» What is needed: When a line in the entries below contains the word "along", copy that line.

» Records for this exercise:

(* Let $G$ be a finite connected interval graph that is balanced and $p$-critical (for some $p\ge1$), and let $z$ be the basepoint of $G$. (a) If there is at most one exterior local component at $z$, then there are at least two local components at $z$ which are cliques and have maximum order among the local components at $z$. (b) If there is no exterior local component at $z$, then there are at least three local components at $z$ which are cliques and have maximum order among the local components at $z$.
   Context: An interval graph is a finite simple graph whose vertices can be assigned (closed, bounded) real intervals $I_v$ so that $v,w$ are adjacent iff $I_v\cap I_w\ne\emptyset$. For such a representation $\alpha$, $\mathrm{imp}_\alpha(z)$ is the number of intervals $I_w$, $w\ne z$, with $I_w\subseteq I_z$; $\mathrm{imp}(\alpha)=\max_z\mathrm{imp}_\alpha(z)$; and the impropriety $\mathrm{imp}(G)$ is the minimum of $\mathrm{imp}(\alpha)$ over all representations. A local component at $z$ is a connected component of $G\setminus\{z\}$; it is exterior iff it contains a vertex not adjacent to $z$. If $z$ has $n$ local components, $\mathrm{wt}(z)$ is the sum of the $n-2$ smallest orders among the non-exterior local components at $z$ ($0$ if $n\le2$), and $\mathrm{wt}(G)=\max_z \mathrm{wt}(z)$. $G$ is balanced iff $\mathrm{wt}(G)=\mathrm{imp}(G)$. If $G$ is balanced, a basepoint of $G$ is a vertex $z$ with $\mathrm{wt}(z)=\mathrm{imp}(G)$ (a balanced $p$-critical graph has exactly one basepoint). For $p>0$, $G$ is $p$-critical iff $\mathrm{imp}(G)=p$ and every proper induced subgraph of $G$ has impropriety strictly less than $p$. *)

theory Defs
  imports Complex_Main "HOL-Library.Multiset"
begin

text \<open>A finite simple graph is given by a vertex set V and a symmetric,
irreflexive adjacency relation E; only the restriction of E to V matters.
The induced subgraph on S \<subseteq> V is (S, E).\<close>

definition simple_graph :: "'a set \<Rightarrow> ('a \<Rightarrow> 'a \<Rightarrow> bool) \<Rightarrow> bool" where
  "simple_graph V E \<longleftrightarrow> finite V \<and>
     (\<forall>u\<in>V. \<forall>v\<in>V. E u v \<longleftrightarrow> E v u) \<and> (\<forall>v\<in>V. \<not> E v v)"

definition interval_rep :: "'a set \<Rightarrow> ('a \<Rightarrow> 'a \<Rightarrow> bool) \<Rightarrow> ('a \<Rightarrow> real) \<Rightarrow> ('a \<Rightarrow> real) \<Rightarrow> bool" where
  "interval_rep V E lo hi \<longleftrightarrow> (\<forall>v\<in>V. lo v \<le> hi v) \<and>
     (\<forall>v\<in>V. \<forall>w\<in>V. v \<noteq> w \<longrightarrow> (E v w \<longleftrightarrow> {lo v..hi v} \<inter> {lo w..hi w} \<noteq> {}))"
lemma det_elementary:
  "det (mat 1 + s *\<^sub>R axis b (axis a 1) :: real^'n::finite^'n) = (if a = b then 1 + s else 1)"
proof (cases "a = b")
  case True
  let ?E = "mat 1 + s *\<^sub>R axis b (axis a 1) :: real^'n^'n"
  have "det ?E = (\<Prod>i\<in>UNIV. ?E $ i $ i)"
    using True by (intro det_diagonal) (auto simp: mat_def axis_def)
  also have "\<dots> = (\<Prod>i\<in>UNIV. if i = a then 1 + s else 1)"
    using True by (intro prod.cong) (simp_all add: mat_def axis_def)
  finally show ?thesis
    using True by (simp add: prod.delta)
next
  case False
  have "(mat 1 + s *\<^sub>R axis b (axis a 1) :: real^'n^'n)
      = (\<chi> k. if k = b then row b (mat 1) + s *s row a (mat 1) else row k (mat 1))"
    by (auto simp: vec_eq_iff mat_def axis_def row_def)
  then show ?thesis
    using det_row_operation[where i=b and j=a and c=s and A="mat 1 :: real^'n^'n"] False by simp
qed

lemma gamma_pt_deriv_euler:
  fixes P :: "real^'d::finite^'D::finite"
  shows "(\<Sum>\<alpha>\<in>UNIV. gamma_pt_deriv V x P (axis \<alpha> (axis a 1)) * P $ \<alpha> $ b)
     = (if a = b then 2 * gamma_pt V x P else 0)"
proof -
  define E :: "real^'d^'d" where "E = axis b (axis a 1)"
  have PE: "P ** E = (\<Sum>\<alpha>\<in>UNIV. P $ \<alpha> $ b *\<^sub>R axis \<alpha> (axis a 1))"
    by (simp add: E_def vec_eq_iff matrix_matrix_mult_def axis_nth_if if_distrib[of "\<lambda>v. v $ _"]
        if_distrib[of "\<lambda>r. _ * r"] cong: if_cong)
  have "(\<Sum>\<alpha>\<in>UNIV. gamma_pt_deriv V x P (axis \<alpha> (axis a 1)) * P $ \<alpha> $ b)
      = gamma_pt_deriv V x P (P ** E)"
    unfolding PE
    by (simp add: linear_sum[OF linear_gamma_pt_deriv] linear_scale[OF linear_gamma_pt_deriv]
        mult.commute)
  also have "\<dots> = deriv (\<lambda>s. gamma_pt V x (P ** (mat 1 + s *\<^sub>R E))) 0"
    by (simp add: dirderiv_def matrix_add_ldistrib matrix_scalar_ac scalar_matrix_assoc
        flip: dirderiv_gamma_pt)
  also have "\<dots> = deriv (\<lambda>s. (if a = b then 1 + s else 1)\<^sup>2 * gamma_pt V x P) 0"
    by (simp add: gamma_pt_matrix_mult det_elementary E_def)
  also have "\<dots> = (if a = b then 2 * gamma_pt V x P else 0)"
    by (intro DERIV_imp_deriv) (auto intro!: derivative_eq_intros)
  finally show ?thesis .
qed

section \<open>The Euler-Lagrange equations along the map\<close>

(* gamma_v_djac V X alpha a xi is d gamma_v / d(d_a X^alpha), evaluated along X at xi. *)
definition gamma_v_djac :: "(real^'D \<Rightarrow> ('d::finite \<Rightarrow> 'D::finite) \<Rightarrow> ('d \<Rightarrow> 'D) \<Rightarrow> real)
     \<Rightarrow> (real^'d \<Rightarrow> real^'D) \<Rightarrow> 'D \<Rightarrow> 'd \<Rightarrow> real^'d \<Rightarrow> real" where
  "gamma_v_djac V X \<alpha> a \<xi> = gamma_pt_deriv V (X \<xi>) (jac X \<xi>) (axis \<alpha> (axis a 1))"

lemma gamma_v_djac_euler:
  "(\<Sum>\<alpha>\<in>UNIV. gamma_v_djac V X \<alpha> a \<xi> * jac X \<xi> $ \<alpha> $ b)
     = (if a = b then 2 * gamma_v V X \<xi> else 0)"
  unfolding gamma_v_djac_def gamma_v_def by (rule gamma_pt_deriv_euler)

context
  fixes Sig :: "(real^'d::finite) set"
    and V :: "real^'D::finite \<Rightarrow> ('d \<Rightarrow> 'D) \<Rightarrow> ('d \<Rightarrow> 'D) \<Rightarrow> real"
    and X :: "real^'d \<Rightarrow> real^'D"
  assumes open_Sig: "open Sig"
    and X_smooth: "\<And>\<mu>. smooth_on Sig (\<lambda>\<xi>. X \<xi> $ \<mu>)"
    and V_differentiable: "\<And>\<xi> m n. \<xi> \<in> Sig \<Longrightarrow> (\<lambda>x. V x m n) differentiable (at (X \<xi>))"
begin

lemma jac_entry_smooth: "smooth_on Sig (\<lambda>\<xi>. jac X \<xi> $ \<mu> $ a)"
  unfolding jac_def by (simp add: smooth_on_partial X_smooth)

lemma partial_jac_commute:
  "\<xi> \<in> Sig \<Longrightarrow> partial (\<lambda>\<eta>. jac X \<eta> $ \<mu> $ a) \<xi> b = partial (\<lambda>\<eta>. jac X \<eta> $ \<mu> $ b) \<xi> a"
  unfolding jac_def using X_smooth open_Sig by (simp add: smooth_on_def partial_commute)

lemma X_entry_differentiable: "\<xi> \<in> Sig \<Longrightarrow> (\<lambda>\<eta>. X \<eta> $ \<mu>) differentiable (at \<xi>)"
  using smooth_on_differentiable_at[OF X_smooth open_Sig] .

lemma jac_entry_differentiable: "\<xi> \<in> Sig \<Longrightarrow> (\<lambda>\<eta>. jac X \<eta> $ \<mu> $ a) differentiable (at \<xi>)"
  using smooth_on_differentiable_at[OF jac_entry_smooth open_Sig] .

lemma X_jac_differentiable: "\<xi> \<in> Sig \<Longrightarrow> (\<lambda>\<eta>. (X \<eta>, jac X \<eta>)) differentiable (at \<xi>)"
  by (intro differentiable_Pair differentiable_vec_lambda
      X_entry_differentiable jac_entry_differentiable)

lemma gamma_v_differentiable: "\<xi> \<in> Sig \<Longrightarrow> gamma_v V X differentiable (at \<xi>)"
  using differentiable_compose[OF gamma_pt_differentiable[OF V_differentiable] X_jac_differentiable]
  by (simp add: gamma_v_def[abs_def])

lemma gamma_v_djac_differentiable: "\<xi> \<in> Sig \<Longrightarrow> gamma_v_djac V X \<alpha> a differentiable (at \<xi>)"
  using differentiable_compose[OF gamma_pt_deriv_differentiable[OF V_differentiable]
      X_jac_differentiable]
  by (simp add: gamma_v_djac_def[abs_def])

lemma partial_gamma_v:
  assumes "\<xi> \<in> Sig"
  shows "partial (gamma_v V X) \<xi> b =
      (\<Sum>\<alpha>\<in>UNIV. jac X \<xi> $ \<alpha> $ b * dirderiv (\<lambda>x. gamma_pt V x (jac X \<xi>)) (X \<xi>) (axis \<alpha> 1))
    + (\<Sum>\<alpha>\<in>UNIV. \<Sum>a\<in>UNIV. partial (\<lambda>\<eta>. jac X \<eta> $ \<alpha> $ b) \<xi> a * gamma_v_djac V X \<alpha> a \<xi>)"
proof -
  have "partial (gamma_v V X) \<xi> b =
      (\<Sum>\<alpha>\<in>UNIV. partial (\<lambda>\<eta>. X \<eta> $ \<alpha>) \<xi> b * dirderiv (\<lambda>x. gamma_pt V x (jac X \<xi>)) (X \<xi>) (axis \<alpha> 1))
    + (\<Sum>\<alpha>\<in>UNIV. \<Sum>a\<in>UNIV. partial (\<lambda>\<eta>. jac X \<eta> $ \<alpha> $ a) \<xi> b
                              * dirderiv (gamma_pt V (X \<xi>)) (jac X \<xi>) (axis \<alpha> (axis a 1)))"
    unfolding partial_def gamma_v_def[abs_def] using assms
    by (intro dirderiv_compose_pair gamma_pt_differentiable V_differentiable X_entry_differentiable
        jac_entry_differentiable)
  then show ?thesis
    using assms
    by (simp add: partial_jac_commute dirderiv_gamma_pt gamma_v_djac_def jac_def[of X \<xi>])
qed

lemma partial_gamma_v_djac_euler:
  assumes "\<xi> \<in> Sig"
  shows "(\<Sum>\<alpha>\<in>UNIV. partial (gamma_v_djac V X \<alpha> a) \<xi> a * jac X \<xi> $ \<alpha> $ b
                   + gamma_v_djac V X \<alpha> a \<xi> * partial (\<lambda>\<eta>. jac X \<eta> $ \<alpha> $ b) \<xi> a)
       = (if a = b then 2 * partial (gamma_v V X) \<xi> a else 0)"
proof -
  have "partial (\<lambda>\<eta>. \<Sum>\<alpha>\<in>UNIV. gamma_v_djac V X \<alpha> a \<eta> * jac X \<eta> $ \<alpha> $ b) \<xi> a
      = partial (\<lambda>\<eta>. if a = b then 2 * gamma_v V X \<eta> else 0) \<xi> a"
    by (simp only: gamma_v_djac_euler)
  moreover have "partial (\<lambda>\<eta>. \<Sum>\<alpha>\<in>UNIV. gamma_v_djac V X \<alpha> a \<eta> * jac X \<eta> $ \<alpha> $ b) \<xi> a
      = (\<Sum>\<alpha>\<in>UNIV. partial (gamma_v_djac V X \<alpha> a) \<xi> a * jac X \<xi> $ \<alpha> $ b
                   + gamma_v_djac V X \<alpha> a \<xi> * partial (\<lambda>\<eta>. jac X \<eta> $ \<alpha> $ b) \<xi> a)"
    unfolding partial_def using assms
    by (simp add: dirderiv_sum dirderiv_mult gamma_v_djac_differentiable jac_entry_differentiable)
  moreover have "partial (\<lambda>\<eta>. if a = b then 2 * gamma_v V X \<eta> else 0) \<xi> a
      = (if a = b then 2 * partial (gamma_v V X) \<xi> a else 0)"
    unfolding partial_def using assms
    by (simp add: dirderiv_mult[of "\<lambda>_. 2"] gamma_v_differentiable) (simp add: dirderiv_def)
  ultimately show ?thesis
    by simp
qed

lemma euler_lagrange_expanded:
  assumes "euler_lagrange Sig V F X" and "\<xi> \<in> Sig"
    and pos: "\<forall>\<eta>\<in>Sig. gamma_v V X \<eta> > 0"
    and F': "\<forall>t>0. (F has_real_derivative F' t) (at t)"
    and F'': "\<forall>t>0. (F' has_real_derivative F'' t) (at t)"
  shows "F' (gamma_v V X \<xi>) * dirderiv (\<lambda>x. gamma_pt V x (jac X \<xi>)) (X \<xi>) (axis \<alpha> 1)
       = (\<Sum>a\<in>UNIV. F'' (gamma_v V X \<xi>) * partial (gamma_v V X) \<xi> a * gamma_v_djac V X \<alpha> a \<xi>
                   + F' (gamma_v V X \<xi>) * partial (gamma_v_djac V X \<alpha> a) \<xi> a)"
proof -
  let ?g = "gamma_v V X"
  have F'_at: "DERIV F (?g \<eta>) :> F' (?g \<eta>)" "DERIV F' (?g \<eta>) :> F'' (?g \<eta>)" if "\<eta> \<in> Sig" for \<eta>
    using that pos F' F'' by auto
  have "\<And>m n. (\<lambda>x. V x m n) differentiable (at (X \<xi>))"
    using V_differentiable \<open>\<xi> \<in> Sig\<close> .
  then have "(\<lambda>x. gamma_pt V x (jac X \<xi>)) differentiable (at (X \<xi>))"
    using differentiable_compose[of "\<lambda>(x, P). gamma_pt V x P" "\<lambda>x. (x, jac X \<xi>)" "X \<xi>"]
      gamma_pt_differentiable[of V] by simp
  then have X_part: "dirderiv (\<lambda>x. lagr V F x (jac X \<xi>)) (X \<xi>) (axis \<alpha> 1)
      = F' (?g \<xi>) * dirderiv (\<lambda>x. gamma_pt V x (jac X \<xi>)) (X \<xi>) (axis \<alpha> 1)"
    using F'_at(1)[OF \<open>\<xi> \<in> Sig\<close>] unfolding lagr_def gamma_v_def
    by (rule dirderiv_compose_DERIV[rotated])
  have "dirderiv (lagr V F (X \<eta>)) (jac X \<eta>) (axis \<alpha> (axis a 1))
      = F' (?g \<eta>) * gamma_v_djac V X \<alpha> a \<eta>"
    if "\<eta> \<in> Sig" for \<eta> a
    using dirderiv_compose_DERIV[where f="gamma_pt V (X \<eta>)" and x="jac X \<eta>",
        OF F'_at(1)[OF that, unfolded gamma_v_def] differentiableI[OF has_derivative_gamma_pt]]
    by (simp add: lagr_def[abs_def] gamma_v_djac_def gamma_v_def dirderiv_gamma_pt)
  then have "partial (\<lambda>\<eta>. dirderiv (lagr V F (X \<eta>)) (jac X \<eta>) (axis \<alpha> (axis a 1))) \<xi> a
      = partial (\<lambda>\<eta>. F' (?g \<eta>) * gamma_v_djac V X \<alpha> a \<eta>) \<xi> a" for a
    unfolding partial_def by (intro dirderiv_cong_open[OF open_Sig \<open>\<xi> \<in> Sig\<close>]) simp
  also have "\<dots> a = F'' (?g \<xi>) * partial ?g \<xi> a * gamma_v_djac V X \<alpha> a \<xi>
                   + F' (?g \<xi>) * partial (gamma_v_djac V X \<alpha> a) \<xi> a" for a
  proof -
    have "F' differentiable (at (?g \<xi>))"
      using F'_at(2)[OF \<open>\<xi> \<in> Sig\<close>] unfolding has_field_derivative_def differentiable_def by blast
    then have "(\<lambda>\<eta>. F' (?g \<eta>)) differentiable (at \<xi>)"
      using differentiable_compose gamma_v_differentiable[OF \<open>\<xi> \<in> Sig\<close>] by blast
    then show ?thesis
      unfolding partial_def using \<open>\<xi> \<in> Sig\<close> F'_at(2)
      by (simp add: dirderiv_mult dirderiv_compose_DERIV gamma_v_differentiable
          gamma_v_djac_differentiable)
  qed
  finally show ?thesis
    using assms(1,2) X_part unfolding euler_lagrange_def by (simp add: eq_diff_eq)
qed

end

» Output for this exercise:
section \<open>The Euler-Lagrange equations along the map\<close>
(* gamma_v_djac V X alpha a xi is d gamma_v / d(d_a X^alpha), evaluated along X at xi. *)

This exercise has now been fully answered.